Can iPhone GPS apps revolutionise the hospitality industry?

Take a look at this YouTube clip. It’s amazing.

I spent ten years living in London, and whilst I got to know the centre, the East End and chunks of Islington and Camden very well, I’d always get lost in the West and South of the capital. An iPhone application like this would have been a godsend, and a lot less bulky than a pocket A-Z.

I moved out of London in April, but I like this iPhone technology so much that I’ve been thinking of other uses for it. I thought it would be brilliant for self-guided trails – a tactile, attractive project that civic societies or local councils could use to pull in visitors to their town. Brilliant digital marketing for the heritage sector.

Similarly, I reckoned it would be great for restaurant guides, utilities companies that wanted to map manholes and fire hydrants, newsagents wanting to attract customers, theatres and ticket outlets. The possibilities for using GPS to give people directions in this way seem limited only by imagination and development costs.

However, the idea that most struck me was creating an application to map the country’s pubs. I’m always ending up in unfamiliar towns and villages (I like cycling), not knowing where the nearest good watering hole is. An iPhone application like the one above could surely help me out?

Things are never as simple as they seem, though, so I asked Fancyapint‘s Gordon Butler whether the technology could help his company’s directory of UK pub reviews. His answer: yes – if it worked much better than it does now.

The video looks like a great idea and one that would work very easily for our kind of information – the biggest drawback, as far as I can see, is perceived accuracy versus the real accuracy of the app.
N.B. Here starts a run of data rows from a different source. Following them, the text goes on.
(* In the security-third model, for any attacker $m$, destination $d$, and AS $s$: if $s$ uses (in the stable routing state during $m$'s attack) a route to $d$ that avoids $m$ when the set of secure ASes is $S$, then $s$ uses a route to $d$ that avoids $m$ for every set of secure ASes $T\supset S$.
   Context: An AS graph is an undirected graph $G=(V,E)$ of ASes; each edge is labeled customer–provider or peer–peer. Routing is to a destination $d$; $d$ announces "$d$" to its neighbors; each other AS selects at most one route to $d$ among those announced by neighbors and announces it (prepended with itself) per the export policy: a route whose next hop is a customer is announced to all neighbors, otherwise only to customers. Route type is given by the relation of the next hop; length is the number of hops in the announced path. Insecure ASes rank routes by (LP) customer over peer over provider, then (SP) shorter over longer, then (TB) a fixed deterministic AS-specific tie-break. For a set of secure ASes, a route is secure iff all ASes on it are secure; in the security-third model each secure AS applies (SecP): prefer secure over insecure routes, between SP and TB. The attack: attacker $m\ne d$ (not a neighbor of $d$) announces the bogus path "$m,d$" via insecure BGP to all its neighbors; routes containing $m$ are insecure. A stable routing state is one in which no AS re-running its selection changes its route. *)

theory Defs
  imports Main "HOL-Library.Product_Lexorder"
begin

(* AS graph: cust a b means "a is a customer of b" (b is a provider of a);
   peer a b means a and b are peers. *)
definition nbr :: "('a \<Rightarrow> 'a \<Rightarrow> bool) \<Rightarrow> ('a \<Rightarrow> 'a \<Rightarrow> bool) \<Rightarrow> 'a \<Rightarrow> 'a \<Rightarrow> bool" where
  "nbr cust peer a b \<longleftrightarrow> cust a b \<or> cust b a \<or> peer a b"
Handheld devices are notoriously inaccurate where you need them to be most accurate – in built-up areas. GPS accuracy is likely to be 30-50 metres in cities with current technology, mobile cell triangulation is a few hundred metres, and the compass will be influenced by metallic objects around it. (What kind of case does your iPhone have, does it have a magnetic catch?) 30-50 metres sounds good, but in a place like Soho, you could be way off the mark when it comes to finding your way around – you could be a couple of streets off.

And that’s not good. You could mean to visit the Red Lion in Crown Passage, just off Pall Mall, and instead end up in the Red Lion in nearby Duke of York Street. They’re both good, but you might well miss out on one of the nicest pubs out there.

I’ve also spotted another problem that might happen. If you head out into the countryside, the GPS can place you a good mile or two from where you actually are. This afternoon I stopped in a small Essex village and checked my location on Google Maps. It seemed to think I was a mile over the border in Suffolk, in a hamlet that I know has no pub. Thirsty travellers can’t afford a mistake like that, so it looks like the hospitality industry would do well to wait for the technology to catch up with the ideas.